In urban areas, a typical parking space has an annualized costs (combined annualized land value and construction costs, plus operating expenses) of $500 to $1,500, and more for structured parking. Assuming 2-6 parking spaces per vehicle, parking costs total $1,000 to $4,000 per urban automobile, compared with about $1,000 spent per vehicle by all levels of government on roads. This indicates that for every dollar spent on roads, one to four dollars is spent on parking facilities, a cost that is often overlooked in transport project evaluation, for example, when considering whether to improve public transit and support transit-oriented development, which reduces vehicle ownership and use, and therefore the number of parking spaces needed in a community.
There are many reasons that Asian cities should apply vehicle ownership and use reduction policies. Asian countries are committed to Zero Deaths, an agressive traffic safety target. They currently have high traffic fatality rates, between 20 and 35 traffic deaths per 100,000 residents. This should decline as they develop and implement more traffic safety programs, but the speed and degree death rates declines will depend on their transort and land use policies. With pro-automobile policies they can expect to end up with medium-level traffic fatality rates, 10-20 deaths per 100,000 residents, as in the U.S., but with transit-orientation and strong TDM strategies, they can reduce their traffic fatality rates by an order of magnitude, below 2 deaths per 100,000 residents, as in London, Tokyo and Stockholm.

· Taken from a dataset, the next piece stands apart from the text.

(* Let $\mathcal X\subseteq\mathbb R^m$ be nonempty, convex and compact with diameter $D>0$, $F:\mathbb R^m\to\mathbb R^r$ affine, $C\in\mathbb R^{r\times n}$ with nonzero columns, $\Theta(x,y)=\frac12\|F(x)-Cy\|^2$, and $L>0$ such that for every $y\in\{0,1\}^n$, $\Theta(\cdot,y)$ is $L$-Lipschitz on $\mathcal X$ and $\|\nabla_x\Theta(x,y)\|\le L$ on $\mathcal X$. Given $\epsilon>0$ set $K=\lceil 9((D^2+L^2)/(2\epsilon))^2\rceil$, choose $x_0\in\mathcal X$, and for $k=0,\dots,K-1$ let $y_k=\operatorname{DG}(\Theta(x_k,\cdot))$, $x_{k+1}=\operatorname{Proj}_{\mathcal X}(x_k-K^{-1/2}\nabla_x\Theta(x_k,y_k))$; output $\hat x=\frac1K\sum_{k=0}^{K-1}x_k$ and $\hat y=\operatorname{DG}(\Theta(\hat x,\cdot))$. If $C$ is obtuse, $(\hat x,\hat y)$ is a $(\frac13,\epsilon)$-approximate minimax point of $\min_{x\in\mathcal X}\max_{y\in\{0,1\}^n}\Theta(x,y)$. If the columns of $C$ are mutually orthogonal, $(\hat x,\hat y)$ is an $\epsilon$-global minimax point of that problem.
   Context: $C=(c_1,\dots,c_n)$ is obtuse if $c_i^\top c_j\le0$ for all $i\neq j$. $\operatorname{Proj}_{\mathcal X}$ is Euclidean projection. $\operatorname{DG}(\Theta(x,\cdot))$ is the double greedy procedure: $\underline y^0=\mathbf 0$, $\overline y^0=\mathbf 1$; for $k=1,\dots,n$, with $a=\Theta(x,\underline y^{k-1}+\mathbf e_k)-\Theta(x,\underline y^{k-1})$ and $b=\Theta(x,\overline y^{k-1}-\mathbf e_k)-\Theta(x,\overline y^{k-1})$, if $a\ge b$ set $\underline y^k=\underline y^{k-1}+\mathbf e_k,\ \overline y^k=\overline y^{k-1}$, else $\underline y^k=\underline y^{k-1},\ \overline y^k=\overline y^{k-1}-\mathbf e_k$; return $\underline y^n(=\overline y^n)$. With $\mathcal Y=\{0,1\}^n$, $(x^*,y^* )\in\mathcal X\times\mathcal Y$ is an $(\alpha,\epsilon)$-approximate minimax point if $\alpha\max_{y\in\mathcal Y}\Theta(x^*,y)\le\Theta(x^*,y^* )\le\frac1\alpha\min_{x\in\mathcal X}\max_{y\in\mathcal Y}\Theta(x,y)+\epsilon$; an $\epsilon$-global minimax point is an $(1,\epsilon)$-approximate minimax point. *)

theory Defs
  imports "HOL-Analysis.Analysis"
begin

A new study by Paul J. Burke and Shuhei Nishitateno, "Gasoline Prices and Road Fatalities: International Evidence," used two decades of data for 144 countries to calculate the the gasoline price elasticity of road fatalities. The results indicate that each 10 percent increase in gasoline pump prices reduces traffic fatalities 3-6 percent. It estimates that approximately 35,000 road deaths per year could be avoided by the removal of global fuel subsidies. Such subsidies are another example of harmful policies that must be corrected to achieve planning goals.
This is actually good news. It means that applying basic economic principles, such as efficient pricing of roads and parking facilities, urban planning practices that favor people over cars, and reduced fuel subsidies, are good for economic development, safety and health, as well as environmental quality.
There are many specific ways to reduce the amount of land devoted to roads and parking, as discussed in my report, Pavement Buster's Guide, including many strategies that help reduce total vehicle ownership, such as the city of Toyko's requirement that owners demonstrate that they have an off-street parking space before they are allowed to register a vehicle in the city. Since residential parking is mostly unbundled, this contronts motorists with the actual cost of a parking space, which helps explain that city's low vehilce ownership rate (for more information see Paul Barter's excellent report, Parking Policy In Asian Cities.
What do you think? How should scarce urban land be allocated? How can developing cities best control economically-excessive automobile ownership and use?